#### [Given records]

(* Let $d\ge c\ge 1$ be integers and let $W\in\mathbb{R}^{c\times d}$ satisfy $WW^T=I_c$. Let $\Sigma\in\mathbb{R}^{c\times c}$ be symmetric positive definite and let $R\in\mathcal{O}(c)$ be an orthogonal matrix such that every diagonal coefficient of $R\Sigma R^T$ equals $\operatorname{Tr}(\Sigma)/c$. Let $\epsilon>0$ and let $x_{t_1},x_{t_2}$ be random vectors in $\mathbb{R}^d$ such that $Wx_{t_1}\sim\mathcal{N}(\mathbf{0},\Sigma)$, $Wx_{t_2}\sim\mathcal{N}(\mathbf{0},\Sigma)$ and $\|x_{t_1}-x_{t_2}\|_2\le\epsilon$ almost surely. Let $b_{t_j}=\operatorname{sign}(RWx_{t_j})\in\{-1,1\}^c$ for $j\in\{1,2\}$. Then $$\mathbb{P}\big[\operatorname{dist}_H(b_{t_1},b_{t_2})>0\big]\ \le\ 2\epsilon\sqrt{\frac{2}{\pi}}\;c^{3/2}\,\big(\operatorname{Tr}(\Sigma)\big)^{-1/2}.$$
   Context: $\operatorname{sign}(x)=1$ if $x\ge 0$ and $-1$ otherwise, applied component-wise to vectors. $\operatorname{dist}_H$ is the Hamming distance (number of coordinates in which two vectors differ). $\mathcal{O}(c)$ is the set of $c\times c$ real orthogonal matrices; $\operatorname{Tr}$ is the trace; $I_c$ is the $c\times c$ identity matrix. *)

theory Defs
  imports "HOL-Probability.Probability"
begin

definition pos_def_matrix :: "real^'n^'n \<Rightarrow> bool" where
  "pos_def_matrix S \<longleftrightarrow> transpose S = S \<and> (\<forall>v. v \<noteq> 0 \<longrightarrow> v \<bullet> (S *v v) > 0)"

definition gaussian_density :: "real^'n^'n \<Rightarrow> real^'n \<Rightarrow> real" where
  "gaussian_density S y =
     exp (- (y \<bullet> (matrix_inv S *v y)) / 2) / sqrt ((2 * pi) ^ CARD('n) * det S)"

definition has_normal_law :: "'a measure \<Rightarrow> ('a \<Rightarrow> real^'n) \<Rightarrow> real^'n^'n \<Rightarrow> bool" where
  "has_normal_law M X S \<longleftrightarrow> distributed M lborel X (\<lambda>y. ennreal (gaussian_density S y))"

text \<open>Componentwise sign, with sign 0 = 1.\<close>
definition sign_vec :: "real^'n \<Rightarrow> real^'n" where
  "sign_vec v = (\<chi> i. if v $ i \<ge> 0 then 1 else -1)"

definition hamming_dist :: "'b^'n \<Rightarrow> 'b^'n \<Rightarrow> nat" where
  "hamming_dist a b = card {i. a $ i \<noteq> b $ i}"

end

theory Submission
  imports Defs
begin

text \<open>
  A sign flip in coordinate \<open>i\<close> forces \<open>|\<langle>r\<^sub>i, W x\<^sub>1\<rangle>| \<le> \<parallel>x\<^sub>1 - x\<^sub>2\<parallel> \<le> \<epsilon>\<close>, where \<open>r\<^sub>i\<close> is the
  \<open>i\<close>-th row of \<open>R\<close>, because \<open>R\<close> is an isometry and \<open>W\<close> a co-isometry. The diagonal hypothesis
  says that each \<open>\<langle>r\<^sub>i, W x\<^sub>1\<rangle>\<close> is a centred Gaussian of variance \<open>Tr \<Sigma> / c\<close>, so a union bound
  over the \<open>c\<close> coordinates reduces the claim to the small-ball estimate
  \<open>P(|\<langle>u, Y\<rangle>| \<le> \<epsilon>) \<le> \<epsilon> \<surd>(2/\<pi>) / \<surd>(u\<^sup>T \<Sigma> u)\<close> for \<open>Y \<sim> N(0, \<Sigma>)\<close>.

  That estimate is proved without computing the law of \<open>\<langle>u, Y\<rangle>\<close>. Let \<open>F a\<close> be the Gaussian
  mass of the slab \<open>|\<langle>u, y\<rangle> - a| \<le> \<epsilon>\<close>. Translating by \<open>a \<Sigma> u / (u\<^sup>T \<Sigma> u)\<close> moves this slab
  onto the slab at \<open>0\<close> and multiplies the density by \<open>exp (-(2 a \<langle>u, y\<rangle> + a\<^sup>2) / (2 u\<^sup>T \<Sigma> u))\<close>;
  averaging \<open>a\<close> and \<open>-a\<close> gives \<open>F a + F (-a) \<ge> 2 exp (-a\<^sup>2 / (2 u\<^sup>T \<Sigma> u)) F 0\<close>. Integrating
  over \<open>a\<close>, with \<open>\<integral> F = 2 \<epsilon>\<close> by Fubini, yields the estimate, which is half the stated
  constant.
\<close>

lemma inner_matrix_vector_mult_transpose:
  fixes A :: "real^'n^'m"
  shows "(A *v x) \<bullet> y = x \<bullet> (transpose A *v y)"
  by (metis dot_lmul_matrix inner_commute transpose_matrix_vector)

lemma norm_matrix_vector_mult_le_if_orthonormal_rows:
  fixes W :: "real^'d^'c"
  assumes "W ** transpose W = mat 1"
  shows "norm (W *v z) \<le> norm z"
proof -
  have isometry: "norm (transpose W *v y) = norm y" for y
  proof -
    have "(transpose W *v y) \<bullet> (transpose W *v y) = y \<bullet> (W *v (transpose W *v y))"
      by (metis inner_matrix_vector_mult_transpose transpose_transpose)
    also have "\<dots> = y \<bullet> y"
      by (simp only: matrix_vector_mul_assoc assms matrix_vector_mul_lid)
    finally show ?thesis by (simp add: norm_eq_sqrt_inner)
  qed
  have "norm (W *v z) * norm (W *v z) = z \<bullet> (transpose W *v (W *v z))"
    by (metis inner_matrix_vector_mult_transpose power2_norm_eq_inner power2_eq_square)
  also have "\<dots> \<le> norm z * norm (W *v z)"
    using norm_cauchy_schwarz[of z "transpose W *v (W *v z)"] isometry by simp
  finally show ?thesis
    by (cases "norm (W *v z) = 0") (simp_all add: mult_le_cancel_right)
qed

lemma norm_orthogonal_matrix_vector_mult:
  fixes R :: "real^'n^'n"
  assumes "orthogonal_matrix R"
  shows "norm (R *v x) = norm x"
  using assms orthogonal_transformation_matrix orthogonal_transformation_norm
  by (metis matrix_of_matrix_vector_mul matrix_vector_mul_linear)

lemma norm_row_orthogonal_matrix:
  fixes R :: "real^'n^'n"
  assumes "orthogonal_matrix R"
  shows "norm (R $ i) = 1"
  using assms by (simp add: orthogonal_matrix_orthonormal_rows row_def vec_lambda_eta)

lemma matrix_congruence_diagonal:
  fixes R S :: "real^'n^'n"
  shows "(R ** S ** transpose R) $ i $ i = R $ i \<bullet> (S *v R $ i)"
proof -
  have "(R ** S ** transpose R) $ i $ i = ((R $ i) v* S) \<bullet> R $ i"
    by (simp add: matrix_matrix_mult_def vector_matrix_mult_def transpose_def inner_vec_def)
  then show ?thesis by (simp add: dot_lmul_matrix)
qed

#### [Requirement]
Using the data above, show each line where "longleftrightarrow" occurs.

#### [Solution for this problem]
  "pos_def_matrix S \<longleftrightarrow> transpose S = S \<and> (\<forall>v. v \<noteq> 0 \<longrightarrow> v \<bullet> (S *v v) > 0)"
  "has_normal_law M X S \<longleftrightarrow> distributed M lborel X (\<lambda>y. ennreal (gaussian_density S y))"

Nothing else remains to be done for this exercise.